Kubernetes - Authentication

We already know that when a request comes to the API server, there are multiple stages which are performed. Authentication , authorization and admission control plugins exist in the API server which does individual jobs. 

When the request first comes to the API server, it creates a TLS connection by validating the client certificate with the certificate authority in the API server. The Certificate authority in the API server or master node exists in the /etc/kubernetes location. The client certificate generally exists in the ~/.kube/config location or /etc/kubernetes location. After the handshake is success, authentication comes into picture. The authentication modules in the API server are chained which means we can use more than 1. The auth check is carried out by all authentication modules until succeeded. If not , “HTTP 401 Unauthorized” error is thrown. 

The next is the authorization which is also a chained and throws “HTTP 403 Forbidden response” if all authorization modules fail. 

The final one is the admission control. Admission Control is a set of configurable plugins which determine if the request is admitted or denied. It also make sure that the request that came to API server are set with all values. It sets some default values if missing. 

In this page we will see how we can create a user and see how we can make that user to use the cluster. How we can authenticate the user in kubernetes.  

Lets create a private key for the user demouser using the openssl, 

[root@ip-172-31-12-239 ~]# openssl genrsa -out demouser.key 2048 

Generating RSA private key, 2048 bit long modulus 

.........+++ 

................................................................+++ 

e is 65537 (0x10001) 

[root@ip-172-31-12-239 ~]# # ll 

-rw-r--r--. 1 root root 1679 Nov 14 09:04 demouser.key 

Lets create a certificate sign request (.csr ) for demouser as below, 

[root@ip-172-31-12-239 ~]# openssl req -new -key demouser.key -out demouser.csr -subj "/CN=demouser" 
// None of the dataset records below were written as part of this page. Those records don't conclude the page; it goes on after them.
(* Let $p,q\ge 3$ be relatively prime odd integers with $q\equiv\pm1\pmod p$. Then $$\sum_{\substack{n=1\\ p\nmid n,\ q\nmid n}}^{pq-1}\frac{\cot(\pi n/p)\cot(\pi n/q)}{\cos^2(\pi n/(pq))}=\begin{cases}\dfrac{2}{p}(p^2-1)(q-1), & q\equiv 1\pmod p,\\[2mm] \dfrac{2}{p}(p^2-1)(q+1), & q\equiv -1\pmod p.\end{cases}$$ *)

theory Defs
  imports "HOL-Analysis.Analysis" "HOL-Number_Theory.Cong"
begin

end

theory Submission
  imports Defs
begin

text \<open>Write \<open>q = k p + e\<close> with \<open>e = \<plusminus>1\<close> and group the summands by the residue of \<open>n\<close> mod \<open>q\<close>.
  Since \<open>k\<pi>n/q + e \<pi>n/(pq) = \<pi>n/p\<close>, the addition formula for the cotangent splits each summand into
  multiples of \<open>tan (\<pi>n/(pq))\<close>, \<open>cot (\<pi>n/p)\<close> and \<open>1/cos\<^sup>2 (\<pi>n/(pq))\<close>, and over a residue class
  these are summed by the classical identities
  \<open>\<Sum>\<^sub>i cot (\<theta> + i\<pi>/p) = p cot (p\<theta>)\<close>, \<open>\<Sum>\<^sub>i tan (\<theta> + i\<pi>/p) = p tan (p\<theta>)\<close> and
  \<open>\<Sum>\<^sub>i 1/cos\<^sup>2 (\<theta> + i\<pi>/p) = p\<^sup>2/cos\<^sup>2 (p\<theta>)\<close> (the last two for odd \<open>p\<close>), which come from summing
  geometric series over the \<open>p\<close>-th roots of unity. Reindexing the residues as \<open>p m\<close> mod \<open>q\<close> leaves
  sums over \<open>m\<close> of powers of \<open>tan (\<pi>m/q)\<close> times \<open>cot\<close> or \<open>tan\<close> of \<open>p\<pi>m/q\<close>. Expanding the latter by the
  same identities and exchanging the order of summation reduces everything to the power sums
  \<open>\<Sum>\<^sub>m tan\<^sup>j (\<pi>m/q)\<close>, \<open>j \<le> 3\<close>, and to sums \<open>\<Sum>\<^sub>m cot (\<pi>m/q + \<pi>j/p)\<close>, which the identities evaluate
  once more since \<open>q \<pi>j/p \<equiv> e \<pi>j/p\<close> mod \<open>\<pi>\<close>.\<close>

section \<open>Rotations by a primitive root of unity\<close>

locale primitive_root_of_unity =
  fixes \<zeta> :: complex and M :: nat
  assumes power_order: "\<zeta> ^ M = 1"
    and power_ne_1: "\<And>j. 0 < j \<Longrightarrow> j < M \<Longrightarrow> \<zeta> ^ j \<noteq> 1"
begin

lemma sum_powers_power:
  assumes "j < M"
  shows "(\<Sum>i<M. (\<zeta> ^ j) ^ i) = (if j = 0 then of_nat M else 0)"
proof (cases "j = 0")
  case False
  have "(1 - \<zeta> ^ j) * (\<Sum>i<M. (\<zeta> ^ j) ^ i) = 1 - (\<zeta> ^ j) ^ M"
    by (simp add: one_diff_power_eq)
  also have "(\<zeta> ^ j) ^ M = 1"
    by (metis power_order power_mult power_one mult.commute)
  moreover have "1 - \<zeta> ^ j \<noteq> 0"
    using power_ne_1[of j] False assms by auto
  ultimately show ?thesis
    using False by simp
qed simp

lemma sum_polynomial_rotations:
  "(\<Sum>i<M. \<Sum>j<M. g j * (c * \<zeta> ^ i) ^ j) = of_nat M * g 0"
proof -
  have "(\<Sum>i<M. \<Sum>j<M. g j * (c * \<zeta> ^ i) ^ j) = (\<Sum>j<M. g j * c ^ j * (\<Sum>i<M. (\<zeta> ^ j) ^ i))"
    by (subst sum.swap)
       (simp add: sum_distrib_left power_mult_distrib mult.assoc flip: power_mult,
        simp add: mult.commute power_mult)
  also have "\<dots> = (\<Sum>j<M. if j = 0 then g 0 * of_nat M else 0)"
    by (rule sum.cong) (auto simp: sum_powers_power)
  finally show ?thesis
    by (cases M) (auto simp: sum.delta)
qed

lemma power_order_rotation: "(c * \<zeta> ^ i) ^ M = c ^ M"
  by (simp add: power_mult_distrib flip: power_mult) (simp add: mult.commute power_mult power_order)

lemma one_minus_rotation_ne_0:
  assumes "c ^ M \<noteq> 1"
  shows "1 - c * \<zeta> ^ i \<noteq> 0"
  using assms power_order_rotation[of c i] by auto

text \<open>Both sums are evaluated by expanding each summand as a polynomial of degree \<open>< M\<close>
  in \<open>v = c \<zeta>\<^sup>i\<close>, using \<open>v\<^sup>M = c\<^sup>M\<close>; summing over \<open>i\<close> then keeps only the constant term.\<close>

lemma sum_inverse_one_minus_rotation:
  assumes "c ^ M \<noteq> 1"
  shows "(\<Sum>i<M. 1 / (1 - c * \<zeta> ^ i)) = of_nat M / (1 - c ^ M)"
proof -
  have "1 / (1 - c * \<zeta> ^ i) = (\<Sum>j<M. 1 / (1 - c ^ M) * (c * \<zeta> ^ i) ^ j)" for i
  proof -
    define v where "v = c * \<zeta> ^ i"
    have "1 - c ^ M = (1 - v) * (\<Sum>j<M. v ^ j)"
      using one_diff_power_eq[of v M] power_order_rotation[of c i] by (simp add: v_def)
    moreover have "1 - v \<noteq> 0" "1 - c ^ M \<noteq> 0"
      using assms one_minus_rotation_ne_0 by (auto simp: v_def)
    ultimately have "1 / (1 - v) = (\<Sum>j<M. v ^ j) / (1 - c ^ M)"
      by simp
    then show ?thesis
      by (simp add: sum_divide_distrib v_def)
  qed
  then have "(\<Sum>i<M. 1 / (1 - c * \<zeta> ^ i))
      = (\<Sum>i<M. \<Sum>j<M. 1 / (1 - c ^ M) * (c * \<zeta> ^ i) ^ j)"
    by simp
  also have "\<dots> = of_nat M * (1 / (1 - c ^ M))"
    by (rule sum_polynomial_rotations)
  finally show ?thesis
    by simp
qed

lemma sum_weighted_powers:
  fixes v :: complex
  shows "(1 - v)^2 * (\<Sum>j<n. of_nat j * v ^ j) = v - of_nat n * v ^ n + (of_nat n - 1) * v ^ Suc n"
  by (induction n) (simp_all add: algebra_simps power2_eq_square)

lemma sum_rotation_over_square:
  assumes "c ^ M \<noteq> 1"
  shows "(\<Sum>i<M. c * \<zeta> ^ i / (1 - c * \<zeta> ^ i)^2) = of_nat M ^ 2 * c ^ M / (1 - c ^ M)^2"
proof -
  define K where "K = of_nat M * c ^ M / (1 - c ^ M)"
  have ne: "1 - c ^ M \<noteq> 0"
    using assms by simp
  have "c * \<zeta> ^ i / (1 - c * \<zeta> ^ i)^2 = (\<Sum>j<M. (of_nat j + K) / (1 - c ^ M) * (c * \<zeta> ^ i) ^ j)"
    for i
  proof -
    define v where "v = c * \<zeta> ^ i"
    have vM: "v ^ M = c ^ M"
      unfolding v_def by (rule power_order_rotation)
    have geom: "1 - c ^ M = (1 - v) * (\<Sum>j<M. v ^ j)"
      using one_diff_power_eq[of v M] vM by simp
    have "(1 - v)^2 * (\<Sum>j<M. (of_nat j + K) * v ^ j)
        = (1 - v)^2 * (\<Sum>j<M. of_nat j * v ^ j) + K * (1 - v) * ((1 - v) * (\<Sum>j<M. v ^ j))"
      by (simp add: sum.distrib distrib_right flip: sum_distrib_left)
         (simp add: algebra_simps power2_eq_square)
    also have "\<dots> = v * (1 - c ^ M)"
      unfolding sum_weighted_powers geom[symmetric] using ne
      by (simp add: K_def vM field_simps)
    finally have "(1 - v)^2 * (\<Sum>j<M. (of_nat j + K) * v ^ j) = v * (1 - c ^ M)" .
    moreover have "1 - v \<noteq> 0"
      using one_minus_rotation_ne_0[OF assms] by (simp add: v_def)
    ultimately have "v / (1 - v)^2 = (\<Sum>j<M. (of_nat j + K) * v ^ j) / (1 - c ^ M)"
      using ne by (simp add: field_simps)
    then show ?thesis
      by (simp add: sum_divide_distrib mult.commute v_def)
  qed
  then have "(\<Sum>i<M. c * \<zeta> ^ i / (1 - c * \<zeta> ^ i)^2)
      = (\<Sum>i<M. \<Sum>j<M. (of_nat j + K) / (1 - c ^ M) * (c * \<zeta> ^ i) ^ j)"
    by simp
  also have "\<dots> = of_nat M * ((of_nat 0 + K) / (1 - c ^ M))"
    by (rule sum_polynomial_rotations)
  finally show ?thesis
    using ne by (simp add: K_def power2_eq_square)
qed

end

lemma primitive_root_of_unity_cis:
  assumes "0 < M"
  shows "primitive_root_of_unity (cis (2 * pi / M)) M"
proof
  show "cis (2 * pi / M) ^ M = 1"
    unfolding Complex.DeMoivre using assms by simp
  fix j assume j: "0 < j" "j < M"
  have "cis (2 * pi * real j / real M) \<noteq> cis (2 * pi * real 0 / real M)"
    using inj_onD[OF bij_betw_imp_inj_on[OF Complex.bij_betw_roots_unity[OF assms]], of j 0] j
    by auto
  then show "cis (2 * pi / M) ^ j \<noteq> 1"
    by (simp add: Complex.DeMoivre mult.commute)
qed

section \<open>Sums over equally spaced angles\<close>

lemma one_minus_cis_double: "1 - cis (2 * t) = - 2 * \<i> * complex_of_real (sin t) * cis t"
  using cos_double_sin[of t] sin_double[of t]
  by (simp add: complex_eq_iff power2_eq_square algebra_simps)

lemma one_plus_cis_double: "1 + cis (2 * t) = 2 * complex_of_real (cos t) * cis t"
  using cos_double_cos[of t] sin_double[of t]
  by (simp add: complex_eq_iff power2_eq_square algebra_simps)

lemma cot_eq_cis_double:
  assumes "cis (2 * t) \<noteq> 1"
  shows "complex_of_real (cot t) = - \<i> * (2 / (1 - cis (2 * t)) - 1)"
proof -
  have "sin t \<noteq> 0"
    using assms one_minus_cis_double[of t] by auto
  have "2 / (1 - cis (2 * t)) - 1 = (1 + cis (2 * t)) / (1 - cis (2 * t))"
    using assms by (simp add: field_simps)
  also have "\<dots> = \<i> * complex_of_real (cos t / sin t)"
    unfolding one_minus_cis_double one_plus_cis_double
    using \<open>sin t \<noteq> 0\<close> by (simp add: field_simps cis_neq_zero)
  finally show ?thesis
    by (simp add: cot_def)
qed

lemma tan_eq_cis_double:
  assumes "cis (2 * t) \<noteq> - 1"
  shows "complex_of_real (tan t) = \<i> * (2 / (1 + cis (2 * t)) - 1)"
proof -
  have "cos t \<noteq> 0"
    using assms one_plus_cis_double[of t] by (auto simp: add_eq_0_iff)
  have "2 / (1 + cis (2 * t)) - 1 = (1 - cis (2 * t)) / (1 + cis (2 * t))"
    using assms by (simp add: field_simps add_eq_0_iff)
  also have "\<dots> = - \<i> * complex_of_real (sin t / cos t)"
    unfolding one_minus_cis_double one_plus_cis_double
    using \<open>cos t \<noteq> 0\<close> by (simp add: field_simps cis_neq_zero)
  finally show ?thesis
    by (simp add: tan_def)
qed

lemma inverse_cos_squared_eq_cis_double:
  assumes "cis (2 * t) \<noteq> - 1"
  shows "complex_of_real (1 / (cos t)^2) = 4 * cis (2 * t) / (1 + cis (2 * t))^2"
proof -
  have "cos t \<noteq> 0"
    using assms one_plus_cis_double[of t] by (auto simp: add_eq_0_iff)
  moreover have "cis (2 * t) = cis t ^ 2"
    by (simp add: Complex.DeMoivre)
  ultimately show ?thesis
    unfolding one_plus_cis_double by (simp add: field_simps power2_eq_square cis_neq_zero)
qed

lemma cis_double_shift: "cis (2 * (\<theta> + pi * real i / real M)) = cis (2 * \<theta>) * cis (2 * pi / M) ^ i"
  by (simp add: Complex.DeMoivre cis_mult algebra_simps)

lemma cis_double_power: "cis (2 * \<theta>) ^ M = cis (2 * (real M * \<theta>))"
  by (simp add: Complex.DeMoivre algebra_simps)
[root@ip-172-31-12-239 ~]# ll 

-rw-r--r--. 1 root root  891 Nov 14 09:13 demouser.csr 

-rw-r--r--. 1 root root 1679 Nov 14 09:12 demouser.key 

For approving the sign request, we need to locate the Certificate authority for our kubernetes cluster. The certificate authority will be available in the /etc/kubernetes/pki location.go to this location and run the openssl command as below, 

[root@ip-172-31-12-239 pki]# openssl x509 -req -in /root/demouser.csr -CA ca.crt -CAkey ca.key -CAcreateserial -out /root/demouser.crt -days 30 

Signature ok 

subject=/CN=demouser 

Getting CA Private Key 

Now that the certificate is signed, we need to set the user with credentials using the certicates we created, 

[root@ip-172-31-12-239 ~]# kubectl config set-credentials demouser --client-certificate=demouser.crt --client-key=demouser.key 

User "demouser" set. 

Once the user is set with credentials, we need to set the context for that user. We all know that context is a combination of user, namespace and cluster. Set the context using, 

[root@ip-172-31-12-239 ~]# kubectl config set-context project1 --cluster=kubernetes --namespace=project1 --user=demouser 

Context "project1" modified. 

Now once the user is set, lets list the pods in the context project1 as below, 

[root@ip-172-31-12-239 ~]# kubectl --context=project1 get pods 

Error from server (Forbidden): pods is forbidden: User "demouser" cannot list resource "pods" in API group "" in the namespace "project1" 

Now if you see the above output , we can see that the user demouser is authenticated but could not get the list of pods as demouser has no permissions. Hence the forbidden error.